- [Task directions]: In the following material, identify every line holding the string "intro" and return it.

- [Given data]:
__________

definition norm1_vec :: "'a :: real_normed_field vec \<Rightarrow> real" where
  "norm1_vec v = (\<Sum>i<dim_vec v. norm (v $ i))"

lemma norm1_vec_nonneg: "0 \<le> norm1_vec v"
  unfolding norm1_vec_def by (intro sum_nonneg) auto

lemma norm1_vec_eq_0_iff:
  assumes "v \<in> carrier_vec n"
  shows "norm1_vec v = 0 \<longleftrightarrow> v = 0\<^sub>v n"
proof
  assume "norm1_vec v = 0"
  then have "\<forall>i\<in>{..<dim_vec v}. norm (v $ i) = 0"
    unfolding norm1_vec_def by (subst sum_nonneg_eq_0_iff[symmetric]) auto
  then show "v = 0\<^sub>v n" using assms by (intro eq_vecI) auto
qed (simp add: norm1_vec_def)

lemma norm1_vec_smult: "norm1_vec (a \<cdot>\<^sub>v v) = norm a * norm1_vec v"
  unfolding norm1_vec_def by (simp add: sum_distrib_left norm_mult)

lemma norm1_vec_add:
  assumes "dim_vec u = dim_vec v"
  shows "norm1_vec (u + v) \<le> norm1_vec u + norm1_vec v"
proof -
  have "norm1_vec (u + v) = (\<Sum>i<dim_vec v. norm (u $ i + v $ i))"
    by (simp add: norm1_vec_def)
  also have "\<dots> \<le> (\<Sum>i<dim_vec v. norm (u $ i) + norm (v $ i))"
    by (intro sum_mono norm_triangle_ineq)
  also have "\<dots> = norm1_vec u + norm1_vec v"
    using assms by (simp add: norm1_vec_def sum.distrib)
  finally show ?thesis .
qed

lemma norm1_vec_mult_mat_vec_le:
  assumes A: "A \<in> carrier_mat m n" and D: "\<And>i j. i < m \<Longrightarrow> j < n \<Longrightarrow> norm (A $$ (i, j)) \<le> D"
    and v: "v \<in> carrier_vec n"
  shows "norm1_vec (A *\<^sub>v v) \<le> real m * D * norm1_vec v"
proof -
  have row: "norm ((A *\<^sub>v v) $ i) \<le> D * norm1_vec v" if i: "i < m" for i
  proof -
    have "norm ((A *\<^sub>v v) $ i) = norm (\<Sum>j<n. A $$ (i, j) * v $ j)"
      using A v i by (auto simp: scalar_prod_def lessThan_atLeast0)
    also have "\<dots> \<le> (\<Sum>j<n. norm (A $$ (i, j)) * norm (v $ j))"
      by (auto intro: order.trans[OF norm_sum] simp: norm_mult)
    also have "\<dots> \<le> (\<Sum>j<n. D * norm (v $ j))"
      using D i by (intro sum_mono mult_right_mono) auto
    finally show ?thesis using v unfolding norm1_vec_def by (simp add: sum_distrib_left)
  qed
  have "norm1_vec (A *\<^sub>v v) = (\<Sum>i<m. norm ((A *\<^sub>v v) $ i))"
    using A by (simp add: norm1_vec_def)
  also have "\<dots> \<le> (\<Sum>i<m. D * norm1_vec v)"
    by (rule sum_mono) (use row in simp)
  finally show ?thesis by simp
qed

definition power_sum_norm :: "'a :: real_normed_field mat \<Rightarrow> nat \<Rightarrow> 'a vec \<Rightarrow> real" where
  "power_sum_norm B L v = (\<Sum>k<L. norm1_vec (B ^\<^sub>m k *\<^sub>v v))"

lemma norm1_vec_le_power_sum_norm:
  assumes "B \<in> carrier_mat n n" "v \<in> carrier_vec n" "0 < L"
  shows "norm1_vec v \<le> power_sum_norm B L v"
proof -
  have "norm1_vec v = norm1_vec (B ^\<^sub>m 0 *\<^sub>v v)" using assms by simp
  also have "\<dots> \<le> power_sum_norm B L v"
    unfolding power_sum_norm_def using assms(3) by (intro member_le_sum) (auto simp: norm1_vec_nonneg)
  finally show ?thesis .
qed

lemma power_sum_norm_le:
  assumes B: "B \<in> carrier_mat n n" and v: "v \<in> carrier_vec n"
    and D: "\<And>k i j. i < n \<Longrightarrow> j < n \<Longrightarrow> norm ((B ^\<^sub>m k) $$ (i, j)) \<le> D"
  shows "power_sum_norm B L v \<le> real L * (real n * D) * norm1_vec v"
proof -
  have "power_sum_norm B L v \<le> (\<Sum>k<L. real n * D * norm1_vec v)"
    unfolding power_sum_norm_def
    by (intro sum_mono norm1_vec_mult_mat_vec_le[OF pow_carrier_mat[OF B] D v])
  then show ?thesis by simp
qed

lemma power_sum_norm_mult_mat_vec:
  assumes B: "B \<in> carrier_mat n n" and v: "v \<in> carrier_vec n"
  shows "power_sum_norm B L (B *\<^sub>v v) = power_sum_norm B L v - norm1_vec v + norm1_vec (B ^\<^sub>m L *\<^sub>v v)"
proof -
  have shift: "B ^\<^sub>m k *\<^sub>v (B *\<^sub>v v) = B ^\<^sub>m Suc k *\<^sub>v v" for k
    using B v by (simp add: assoc_mult_mat_vec[symmetric, of _ n n _ n])
  have "(\<Sum>k<Suc L. norm1_vec (B ^\<^sub>m k *\<^sub>v v))
      = norm1_vec (B ^\<^sub>m 0 *\<^sub>v v) + (\<Sum>k<L. norm1_vec (B ^\<^sub>m Suc k *\<^sub>v v))"
    by (rule sum.lessThan_Suc_shift)
  then show ?thesis
    unfolding power_sum_norm_def shift using B v by simp
qed

lemma is_vec_norm_power_sum_norm:
  fixes B :: "complex mat"
  assumes B: "B \<in> carrier_mat n n" and L: "0 < L"
  shows "is_vec_norm n (power_sum_norm B L)"
  unfolding is_vec_norm_def
proof (intro conjI ballI allI)
  fix v :: "complex vec" assume v: "v \<in> carrier_vec n"
  show "0 \<le> power_sum_norm B L v"
    unfolding power_sum_norm_def by (intro sum_nonneg) (auto simp: norm1_vec_nonneg)
  show "power_sum_norm B L v = 0 \<longleftrightarrow> v = 0\<^sub>v n"
  proof
    assume "power_sum_norm B L v = 0"
    then have "norm1_vec v = 0"
      using norm1_vec_le_power_sum_norm[OF B v L] norm1_vec_nonneg[of v] by simp
    then show "v = 0\<^sub>v n" using norm1_vec_eq_0_iff[OF v] by simp
  next
    assume "v = 0\<^sub>v n"
    moreover have "B ^\<^sub>m k *\<^sub>v 0\<^sub>v n = 0\<^sub>v n" for k
      using pow_carrier_mat[OF B, of k] by (intro eq_vecI) (auto simp: scalar_prod_def intro!: sum.neutral)
    ultimately show "power_sum_norm B L v = 0"
      unfolding power_sum_norm_def by (simp add: norm1_vec_def)
  qed
next
  fix a :: complex and v :: "complex vec" assume v: "v \<in> carrier_vec n"
  have "B ^\<^sub>m k *\<^sub>v (a \<cdot>\<^sub>v v) = a \<cdot>\<^sub>v (B ^\<^sub>m k *\<^sub>v v)" for k
    by (rule mult_mat_vec[OF pow_carrier_mat[OF B] v])
  then show "power_sum_norm B L (a \<cdot>\<^sub>v v) = cmod a * power_sum_norm B L v"
    unfolding power_sum_norm_def by (simp add: norm1_vec_smult sum_distrib_left)
next
  fix u v :: "complex vec" assume u: "u \<in> carrier_vec n" and v: "v \<in> carrier_vec n"
  have "power_sum_norm B L (u + v) \<le> (\<Sum>k<L. norm1_vec (B ^\<^sub>m k *\<^sub>v u) + norm1_vec (B ^\<^sub>m k *\<^sub>v v))"
    unfolding power_sum_norm_def using u v
    by (intro sum_mono) (simp add: mult_add_distrib_mat_vec[OF pow_carrier_mat[OF B] u v] norm1_vec_add)
  then show "power_sum_norm B L (u + v) \<le> power_sum_norm B L u + power_sum_norm B L v"
    unfolding power_sum_norm_def by (simp add: sum.distrib)
qed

__________

- [Written response]:
  unfolding norm1_vec_def by (intro sum_nonneg) auto
  then show "v = 0\<^sub>v n" using assms by (intro eq_vecI) auto
    by (intro sum_mono norm_triangle_ineq)
      by (auto intro: order.trans[OF norm_sum] simp: norm_mult)
      using D i by (intro sum_mono mult_right_mono) auto
    unfolding power_sum_norm_def using assms(3) by (intro member_le_sum) (auto simp: norm1_vec_nonneg)
    by (intro sum_mono norm1_vec_mult_mat_vec_le[OF pow_carrier_mat[OF B] D v])
proof (intro conjI ballI allI)
    unfolding power_sum_norm_def by (intro sum_nonneg) (auto simp: norm1_vec_nonneg)
      using pow_carrier_mat[OF B, of k] by (intro eq_vecI) (auto simp: scalar_prod_def intro!: sum.neutral)
    by (intro sum_mono) (simp add: mult_add_distrib_mat_vec[OF pow_carrier_mat[OF B] u v] norm1_vec_add)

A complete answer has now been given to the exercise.